lemma eventually_coarse_step_letter:
  assumes "a \<in> carrier G" "x \<in> X \<union> (\<lambda>y. inv y) ` X"
  shows "\<forall>\<^sub>F k in sequentially. coarse_step G X P r (z [^] k \<otimes> a) (z [^] k \<otimes> a \<otimes> x)"
proof -
  have z: "z \<in> carrier G" and x: "x \<in> carrier G" using z_pos assms X by (auto simp: positive_cone_def)
  have "\<forall>\<^sub>F k in sequentially. z [^] k \<otimes> a \<in> P \<and> z [^] k \<otimes> (a \<otimes> x) \<in> P"
    using eventually_pow_mult_in_positive_cone assms(1) x by (simp add: eventually_conj)
  then show ?thesis
  proof eventually_elim
    case (elim k)
    have "word_dist G X (z [^] k \<otimes> a) (z [^] k \<otimes> a \<otimes> x) \<le> 1"
      using word_dist_mult_letter X assms z by simp
    then show ?case using elim r z x assms(1) unfolding coarse_step_def by (simp add: m_assoc)
  qed
qed

lemma eventually_rtranclp_coarse_step_mult:
  assumes "g \<in> generate G X" "a \<in> carrier G"
  shows "\<forall>\<^sub>F k in sequentially. (coarse_step G X P r)\<^sup>*\<^sup>* (z [^] k \<otimes> a) (z [^] k \<otimes> a \<otimes> g)"
  using assms
proof (induction arbitrary: a rule: generate.induct)
  case one
  have "z \<in> carrier G" using z_pos by (simp add: positive_cone_def)
  then show ?case using one by simp
next
  case (incl h)
  then have "\<forall>\<^sub>F k in sequentially. coarse_step G X P r (z [^] k \<otimes> a) (z [^] k \<otimes> a \<otimes> h)"
    using eventually_coarse_step_letter by simp
  then show ?case by (rule eventually_mono) (rule r_into_rtranclp)
next
  case (inv h)
  then have "\<forall>\<^sub>F k in sequentially. coarse_step G X P r (z [^] k \<otimes> a) (z [^] k \<otimes> a \<otimes> (inv h))"
    using eventually_coarse_step_letter by simp
  then show ?case by (rule eventually_mono) (rule r_into_rtranclp)
next
  case (eng h1 h2)
  have z: "z \<in> carrier G" using z_pos by (simp add: positive_cone_def)
  have h: "h1 \<in> carrier G" "h2 \<in> carrier G" using eng.hyps generate_in_carrier X by auto
  have "\<forall>\<^sub>F k in sequentially.
      (coarse_step G X P r)\<^sup>*\<^sup>* (z [^] k \<otimes> (a \<otimes> h1)) (z [^] k \<otimes> (a \<otimes> h1) \<otimes> h2)"
    using eng.IH(2) eng.prems h by simp
  with eng.IH(1)[OF eng.prems] show ?case
  proof eventually_elim
    case (elim k)
    then show ?case using z h eng.prems by (simp add: m_assoc)
  qed
qed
------
ACTIVITY: Please write out exactly the lines from the start of the data through the line that contains "(auto simp: positive_cone_def)", both ends included, and nothing else.

WRITTEN SOLUTION:
lemma eventually_coarse_step_letter:
  assumes "a \<in> carrier G" "x \<in> X \<union> (\<lambda>y. inv y) ` X"
  shows "\<forall>\<^sub>F k in sequentially. coarse_step G X P r (z [^] k \<otimes> a) (z [^] k \<otimes> a \<otimes> x)"
proof -
  have z: "z \<in> carrier G" and x: "x \<in> carrier G" using z_pos assms X by (auto simp: positive_cone_def)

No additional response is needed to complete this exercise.